Thursday, May 29, 2014

As Republicans Cut Funding for Public Universities, Tuition went through the roof.

One of the biggest lies pushed by Republicans? The government student loan program is making tuition's skyrocket. That's simply not true. As college funding gets cut by the enemies of public education, the Republicans, tuition rises to make up for the losses. 

For fun, here's a recent video clip of Dumb Ron Johnson spinning that old talking point like it made any sense:

WSJ: He also criticized federal spending on higher education, saying it has caused tuition to increase well above the rate of inflation.

“We have poured money into higher education. … All of our good intentions trying to make college more accessible, we’ve made it less accessible because we’ve made it so much more unaffordable,” he said.
Taking the government out of the student loan program would mean higher interest rates and wonderfully large bank profits. Ya think Johnson knew that?

In a Urban Milwaukee article by Bruce Murphy, Millennials are moving into cities partly because they can't afford houses or cars due to high student loan debt. 

Murphy details the reason for the high cost of tuition; Republican defunding of our public universities:
Young people raised in the suburbs seem to find cities far more interesting places to live. But another factor that may make cities more attractive for young people is the rising level of student debt. For decades, state governments have been decreasing support of public universities, forcing them to jack up tuition. Since 1978, as a story in Bloomberg reported, the cost of college tuition has risen 12-fold — by 1,120 percent!

The result has been a soaring increase in student loans and resulting student debt. The average 2014 graduate holding student loans owes $33,000, the Wall Street Journal has reported, up from around $31,000 in 2013 and way up from $10,000 for the 1993 graduating class.

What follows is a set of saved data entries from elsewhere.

lemma prefix_value_digit:
  assumes "\<And>j. x j < b" and "j < n"
  shows "prefix_value b x n div b ^ j mod b = x j"
  using badd_digit[OF \<open>j < n\<close>, of b x 0] badd_zero[OF assms(1)] by simp

lemma funpow_Todo:
  assumes "\<And>j. x j < b"
  shows "(Todo b ^^ n) x = badd b x n"
  by (induction n) (simp_all add: badd_zero assms Todo_def badd_badd)

lemma badd_low_digits:
  assumes "\<And>j. y j < b" and "b ^ m dvd t" and "j < m"
  shows "badd b y t j = y j"
  using badd_add_multiple_low[OF assms(2,3), of y 0] badd_zero[OF assms(1)] by simp

lemma badd_high_digits:
  assumes y: "\<And>j. y j < b" and "t < b ^ i" and "i < j" and "y i \<noteq> b - 1"
  shows "badd b y t j = y j"
proof -
  have "prefix_value b y j + b ^ i < b ^ j"
    unfolding prefix_value_def using assms by (intro sum_digits_add_power_less) auto
  with \<open>t < b ^ i\<close> have "prefix_value b y j + t < b ^ j"
    by linarith
  then have "(prefix_value b y j + t + y j * b ^ j) div b ^ j mod b = y j"
    using y by (simp only: add_mult_power_div_mod mod_less)
  then show ?thesis
    by (simp add: badd_digit[of j "Suc j"] prefix_value_Suc ac_simps)
qed

(* Adding t = b^M - b^m subtracts b^m, which borrows only up to the nonzero digit p, and adds b^M,
   which does not affect the digits below M. *)
lemma badd_block_digits:
  assumes y: "\<And>j. y j < b" and t: "t + b ^ m = b ^ M"
    and "m \<le> p" and "p < j" and "j < M" and "y p \<noteq> 0"
  shows "badd b y t j = y j"
proof -
  have "b ^ m \<le> b ^ p"
    using b_ge_2 \<open>m \<le> p\<close> by (simp add: power_increasing)
  also have "\<dots> \<le> y p * b ^ p"
    using \<open>y p \<noteq> 0\<close> by simp
  also have "\<dots> \<le> prefix_value b y j"
    unfolding prefix_value_def using \<open>p < j\<close> by (intro member_le_sum) auto
  finally have ge: "b ^ m \<le> prefix_value b y j" .
  have "b ^ Suc j dvd b ^ M"
    using \<open>j < M\<close> by (intro le_imp_power_dvd) simp
  moreover have "prefix_value b y (Suc j) + t = (prefix_value b y j - b ^ m + y j * b ^ j) + b ^ M"
    using ge t by (simp add: prefix_value_Suc)
  ultimately have "badd b y t j = (prefix_value b y j - b ^ m + y j * b ^ j) div b ^ j mod b"
    by (simp add: badd_digit[of j "Suc j"] div_mod_add_multiple)
  also have "\<dots> = y j"
    using prefix_value_less[OF y, where n = j] y by (simp only: add_mult_power_div_mod mod_less less_imp_diff_less)
  finally show ?thesis .
qed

Adding difficulty is that many graduates aren’t getting the kind of high paying jobs needed to handle this crushing debt. An article on points out that between 2005 and 2012, the average student loan debt jumped 35 percent, adjusting for inflation, while the median salary dropped 2.2 percent.


  1. In actual reality however, if the federal government didn't backstop the loans to begin with, colleges and universities would have to compete for students with lower tuition costs, scholarships, and grants, instead of just turn them into young adult daycare centers with bigger pools, athletic centers, and unacademic amenities that can all be put on the credit card. I know my college really needed a new football stadium.

    If you are considering college with attached student loan debt, consider an apprenticeship, job, small business, or world travel instead. The experiences are more valuable and provide more useful skills than a party every night with kegs, drugs and sex.

    The unaffordable debt is not worth it.

    1. So you'd recommend that higher education be the equivalent of "cheap Chinese crap." Interesting, but I demand a higher standard for our future.

      2nd-take a look at what tech school grads are making in the 2010s vs college grads, and then tell me if your theory holds up. If you tie this in with higher unionization and wages in the trades, then we'll discuss. But I don't think that's what you or (mo)Ron Johnson want

  2. Any hardship Mr. Johnson has had in the past, he insists on attaching to my children. Any benefit he has received in the present is horded from my children. Any future for him as my senator is non-existent.